> Activity: From the first line to the last, set down the data exactly as given.

> Data shown:
(* Let $\overline{\mathcal R}_{Moon}$ be the function obtained from the lunar disturbing function expansion $$\mathcal R_k=\sum_{l\ge 2}\sum_{m,p,s,q=0}^{l}\sum_{j,r\in\mathbb Z}(-1)^{m+s}(-1)^{[m/2]}\frac{\mathcal G m_k\,\epsilon_m\epsilon_s}{2a_k}\frac{(l-s)!}{(l+m)!}\left(\frac{a}{a_k}\right)^{l}F_{lmp}(I)F_{lsq}(I_k)H_{lpj}(e)G_{lqr}(e_k)$$ $$\times\Big\{(-1)^{k_2}U_l^{m,-s}\cos\big(\bar\theta_{lmpj}+\bar\theta'_{lsqr}-y_s\pi\big)+(-1)^{k_3}U_l^{m,s}\cos\big(\bar\theta_{lmpj}-\bar\theta'_{lsqr}-y_s\pi\big)\Big\}$$ by keeping only the terms with $l=2$ and averaging over the mean anomalies $M$ of the point mass and $M_k$ of the Moon (i.e. keeping only the terms with $l-2p+j=0$ and $l-2q+r=0$). Let $\overline{\mathcal R}_{Sun}$ be obtained in the same way from the solar expansion $$\mathcal R^{*}=\mathcal G m^{*}\sum_{l\ge 2}\sum_{m=0}^{l}\sum_{p=0}^{l}\sum_{h=0}^{l}\sum_{q,j\in\mathbb Z}\frac{a^{l}}{(a^{*})^{l+1}}\epsilon_m\frac{(l-m)!}{(l+m)!}F_{lmp}(I)F_{lmh}(I^{*})H_{lpq}(e)G_{lhj}(e^{*})\cos\varphi_{lmphqj},$$ $$\varphi_{lmphqj}=(l-2p)\omega+(l-2p+q)M-(l-2h)\omega^{*}-(l-2h+j)M^{*}+m(\Omega-\Omega^{*}),$$ by keeping only the terms with $l=2$ and averaging over $M$ and $M^{*}$ (i.e. keeping only terms with $l-2p+q=0$ and $l-2h+j=0$). Then $\overline{\mathcal R}_{Moon}$ does not depend on the argument of perigee $\omega_k$ of the Moon, and $\overline{\mathcal R}_{Sun}$ does not depend on the argument of perigee $\omega^{*}$ of the Sun.
   Context: $a,e,I,\omega,\Omega,M$ are the orbital elements (semi-major axis, eccentricity, inclination, argument of perigee, longitude of ascending node, mean anomaly) of an Earth-orbiting point mass referred to the celestial equator; $a_k,e_k,I_k,\omega_k,\Omega_k,M_k$ are the Moon's elements referred to the ecliptic, $m_k$ its mass; $a^*,e^*,I^*,\omega^*,\Omega^*,M^*$ are the Sun's elements referred to the celestial equator, $m^*$ its mass; $\mathcal G$ is the gravitational constant; $\varepsilon$ is the obliquity of the ecliptic. $\epsilon_m=1$ if $m=0$, $\epsilon_m=2$ otherwise. $\bar\theta_{lmpj}=(l-2p)\omega+(l-2p+j)M+m\Omega$, $\bar\theta'_{lsqr}=(l-2q)\omega_k+(l-2q+r)M_k+s(\Omega_k-\pi/2)$; $y_s=0$ for $s$ even, $1/2$ for $s$ odd; $t=(l-1)\bmod 2$, $k_2=t(m+s-1)+1$, $k_3=t(m+s)$; $U_l^{m,s}=\sum_{r=\max(0,-(m+s))}^{\min(l-s,l-m)}(-1)^{l-m-r}\binom{l+m}{m+s+r}\binom{l-m}{r}\cos^{m+s+2r}(\varepsilon/2)\sin^{-m-s+2(l-r)}(\varepsilon/2)$. Hansen coefficients $X_k^{n,m}(e)$ are defined by $(r/a)^n e^{imf}=\sum_{k\in\mathbb Z}X_k^{n,m}(e)e^{ikM}$ ($f$ true anomaly); $H_{lpj}(e)=X^{l,l-2p}_{l-2p+j}(e)$, $G_{lqr}(e')=X^{-(l+1),l-2q}_{l-2q+r}(e')$. $F_{lmp}(I)$ is Kaula's inclination function $F_{lmp}(I)=\sum_{t=0}^{\min\{p,[\frac{l-m}{2}]\}}\frac{(2l-2t)!}{t!(l-t)!(l-m-2t)!2^{2l-2t}}\sin^{l-m-2t}I\sum_{s=0}^{m}\binom{m}{s}\cos^{s}I\sum_{c}\binom{l-m-2t+s}{c}\binom{m-s}{p-t-c}(-1)^{c-[\frac{l-m}{2}]}$, with $[\cdot]$ the integer part and $c$ over all values making the binomials nonzero. *)

theory Defs
  imports "HOL-Analysis.Analysis"
begin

> Task answer:
(* Let $\overline{\mathcal R}_{Moon}$ be the function obtained from the lunar disturbing function expansion $$\mathcal R_k=\sum_{l\ge 2}\sum_{m,p,s,q=0}^{l}\sum_{j,r\in\mathbb Z}(-1)^{m+s}(-1)^{[m/2]}\frac{\mathcal G m_k\,\epsilon_m\epsilon_s}{2a_k}\frac{(l-s)!}{(l+m)!}\left(\frac{a}{a_k}\right)^{l}F_{lmp}(I)F_{lsq}(I_k)H_{lpj}(e)G_{lqr}(e_k)$$ $$\times\Big\{(-1)^{k_2}U_l^{m,-s}\cos\big(\bar\theta_{lmpj}+\bar\theta'_{lsqr}-y_s\pi\big)+(-1)^{k_3}U_l^{m,s}\cos\big(\bar\theta_{lmpj}-\bar\theta'_{lsqr}-y_s\pi\big)\Big\}$$ by keeping only the terms with $l=2$ and averaging over the mean anomalies $M$ of the point mass and $M_k$ of the Moon (i.e. keeping only the terms with $l-2p+j=0$ and $l-2q+r=0$). Let $\overline{\mathcal R}_{Sun}$ be obtained in the same way from the solar expansion $$\mathcal R^{*}=\mathcal G m^{*}\sum_{l\ge 2}\sum_{m=0}^{l}\sum_{p=0}^{l}\sum_{h=0}^{l}\sum_{q,j\in\mathbb Z}\frac{a^{l}}{(a^{*})^{l+1}}\epsilon_m\frac{(l-m)!}{(l+m)!}F_{lmp}(I)F_{lmh}(I^{*})H_{lpq}(e)G_{lhj}(e^{*})\cos\varphi_{lmphqj},$$ $$\varphi_{lmphqj}=(l-2p)\omega+(l-2p+q)M-(l-2h)\omega^{*}-(l-2h+j)M^{*}+m(\Omega-\Omega^{*}),$$ by keeping only the terms with $l=2$ and averaging over $M$ and $M^{*}$ (i.e. keeping only terms with $l-2p+q=0$ and $l-2h+j=0$). Then $\overline{\mathcal R}_{Moon}$ does not depend on the argument of perigee $\omega_k$ of the Moon, and $\overline{\mathcal R}_{Sun}$ does not depend on the argument of perigee $\omega^{*}$ of the Sun.
   Context: $a,e,I,\omega,\Omega,M$ are the orbital elements (semi-major axis, eccentricity, inclination, argument of perigee, longitude of ascending node, mean anomaly) of an Earth-orbiting point mass referred to the celestial equator; $a_k,e_k,I_k,\omega_k,\Omega_k,M_k$ are the Moon's elements referred to the ecliptic, $m_k$ its mass; $a^*,e^*,I^*,\omega^*,\Omega^*,M^*$ are the Sun's elements referred to the celestial equator, $m^*$ its mass; $\mathcal G$ is the gravitational constant; $\varepsilon$ is the obliquity of the ecliptic. $\epsilon_m=1$ if $m=0$, $\epsilon_m=2$ otherwise. $\bar\theta_{lmpj}=(l-2p)\omega+(l-2p+j)M+m\Omega$, $\bar\theta'_{lsqr}=(l-2q)\omega_k+(l-2q+r)M_k+s(\Omega_k-\pi/2)$; $y_s=0$ for $s$ even, $1/2$ for $s$ odd; $t=(l-1)\bmod 2$, $k_2=t(m+s-1)+1$, $k_3=t(m+s)$; $U_l^{m,s}=\sum_{r=\max(0,-(m+s))}^{\min(l-s,l-m)}(-1)^{l-m-r}\binom{l+m}{m+s+r}\binom{l-m}{r}\cos^{m+s+2r}(\varepsilon/2)\sin^{-m-s+2(l-r)}(\varepsilon/2)$. Hansen coefficients $X_k^{n,m}(e)$ are defined by $(r/a)^n e^{imf}=\sum_{k\in\mathbb Z}X_k^{n,m}(e)e^{ikM}$ ($f$ true anomaly); $H_{lpj}(e)=X^{l,l-2p}_{l-2p+j}(e)$, $G_{lqr}(e')=X^{-(l+1),l-2q}_{l-2q+r}(e')$. $F_{lmp}(I)$ is Kaula's inclination function $F_{lmp}(I)=\sum_{t=0}^{\min\{p,[\frac{l-m}{2}]\}}\frac{(2l-2t)!}{t!(l-t)!(l-m-2t)!2^{2l-2t}}\sin^{l-m-2t}I\sum_{s=0}^{m}\binom{m}{s}\cos^{s}I\sum_{c}\binom{l-m-2t+s}{c}\binom{m-s}{p-t-c}(-1)^{c-[\frac{l-m}{2}]}$, with $[\cdot]$ the integer part and $c$ over all values making the binomials nonzero. *)

theory Defs
  imports "HOL-Analysis.Analysis"
begin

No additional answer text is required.